Tülay Hatimoğulları, DEM Parti il eş başkanları toplantısının açılışında konuştu.
Hatimoğulları, iktidarın, PKK lideri Abdullah Öcalan'ın çağrısına yönelik hiçbir adım atmadığını belirterek, şunları söyledi:
"Henüz iktidardan ve devletten atılmış bir somut adım göremiyoruz"

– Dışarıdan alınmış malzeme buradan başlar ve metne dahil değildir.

(* Let $n\ge 8$, let $f:\{0,1\}^n\to\{0,1\}$ be fully sensitive at $0$, and let $p$ be its symmetrization polynomial. Then \[ \sup_{x\in[0,n]} |p^{(4)}(x)| \geq \frac{1}{6}. \] Moreover, the only polynomial for which this inequality is tight is \[ \tilde{p}(x) = -\frac{x^{4}}{144}+\frac{5 x^{3}}{36}-\frac{125 x^{2}}{144}+\frac{125 x}{72}. \]
   Context: $f$ is fully sensitive at $0$ if $f(0^n)=0$ and $f(e_i)=1$ for every $i=1,\dots,n$ ($e_i$ the $i$-th unit vector). Let $q$ be the unique multilinear real polynomial agreeing with $f$ on $\{0,1\}^n$, of degree $d(f)$. The symmetrization polynomial of $f$ is the univariate real polynomial $p$ of degree at most $d(f)$ with $p(x_1+\dots+x_n)=\frac{1}{n!}\sum_{\pi\in S_n} q(\pi(x))$ for all $x\in\{0,1\}^n$ ($\pi(x)$ permutes coordinates); equivalently $p(k)$, $k=0,\dots,n$, is the fraction of inputs of Hamming weight $k$ on which $f=1$. $p^{(4)}$ is the fourth derivative. *)

theory Defs
  imports "HOL-Analysis.Analysis" "HOL-Computational_Algebra.Polynomial"
begin

(* Boolean cube {0,1}^n: an input x is identified with its support S = {i. x_i = 1},
   a subset of {0..<n}; Hamming weight = card S; unit vector e_i = {i}, 0^n = {}. *)

definition fully_sensitive_at_0 :: "nat \<Rightarrow> (nat set \<Rightarrow> bool) \<Rightarrow> bool" where
  "fully_sensitive_at_0 n f \<longleftrightarrow> \<not> f {} \<and> (\<forall>i<n. f {i})"

definition weight_fraction :: "nat \<Rightarrow> (nat set \<Rightarrow> bool) \<Rightarrow> nat \<Rightarrow> real" where
  "weight_fraction n f k =
     real (card {S. S \<subseteq> {0..<n} \<and> card S = k \<and> f S}) / real (n choose k)"

definition sym_poly :: "nat \<Rightarrow> (nat set \<Rightarrow> bool) \<Rightarrow> real poly" where
  "sym_poly n f = (THE p. degree p \<le> n \<and>
      (\<forall>k\<le>n. poly p (real k) = weight_fraction n f k))"

definition p_tilde :: "real poly" where
  "p_tilde = [:0, 125/72, -125/144, 5/36, -1/144:]"

end

(* The fourth divided difference of p on nodes x_0 < ... < x_4 equals p''''(xi)/24 for some
   xi in [x_0, x_4].  On the nodes 0, 1, 2, 5, 8, full sensitivity gives p(0) = 0 and p(1) = 1,
   and p takes values in [0, 1] at integers, so this divided difference is at most -1/144, the
   value for p_tilde, with equality only if p(2) = 1, p(5) = 0 and p(8) = 1.  Hence p'''' >= -1/6
   on [0, 8] forces these values, and then r = p - p_tilde has r'''' >= 0 on [0, 8] and vanishes
   at all five nodes.  Replacing the node 8, resp. 5, by a point t in (5, 8) gives the divided
   differences r(t) / (t(t-1)(t-2)(t-5)) >= 0 and r(t) / (t(t-1)(t-2)(t-8)) >= 0, so r vanishes
   on (5, 8) and p = p_tilde.  Since p_tilde'''' = -1/6, the supremum of |p''''| is at least 1/6,
   with equality only for p_tilde. *)

theory Submission
  imports Defs
begin

lemma strict_mono_on_atMostI:
  fixes x :: "nat \<Rightarrow> 'a::order"
  assumes "\<And>i. i < k \<Longrightarrow> x i < x (Suc i)"
  shows "strict_mono_on {..k} x"
proof (rule strict_mono_onI)
  fix i j assume "i \<in> {..k}" "j \<in> {..k}" "i < j"
  then show "x i < x j"
  proof (induction j)
    case (Suc j)
    then show ?case
      using assms[of j] by (cases "i = j") (auto intro: order.strict_trans)
  qed simp
qed

lemma higher_pderiv_diff:
  "(pderiv ^^ k) (p - q) = (pderiv ^^ k) p - (pderiv ^^ k) (q :: 'a::idom poly)"
  by (induction k) (simp_all add: pderiv_diff)

lemma higher_pderiv_degree_le:
  fixes p :: "'a::{comm_semiring_1,semiring_no_zero_divisors,semiring_char_0} poly"
  assumes "degree p \<le> k"
  shows "(pderiv ^^ k) p = [:fact k * coeff p k:]"
proof (rule poly_eqI)
  fix n
  show "coeff ((pderiv ^^ k) p) n = coeff [:fact k * coeff p k:] n"
  proof (cases n)
    case 0
    then show ?thesis by (simp add: coeff_higher_pderiv pochhammer_fact)
  next
    case (Suc m)
    then show ?thesis using assms by (simp add: coeff_higher_pderiv coeff_eq_0)
  qed
qed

“Çağrının arkasında olduğumuzu defaatle ifade ettik. Ne yazık ki mevcut iktidar, bu konuda henüz önemli bir adım atmış değil. Her kesimin sahiplendiği bu çağrının yaşam bulabilmesi için gerekli olan siyasal, yasal ve toplumsal zeminin oluşmasıyla ilgili DEM Parti olarak gece, gündüz çalışıyoruz. Ama henüz iktidardan ve devletten atılmış bir somut adım göremiyoruz.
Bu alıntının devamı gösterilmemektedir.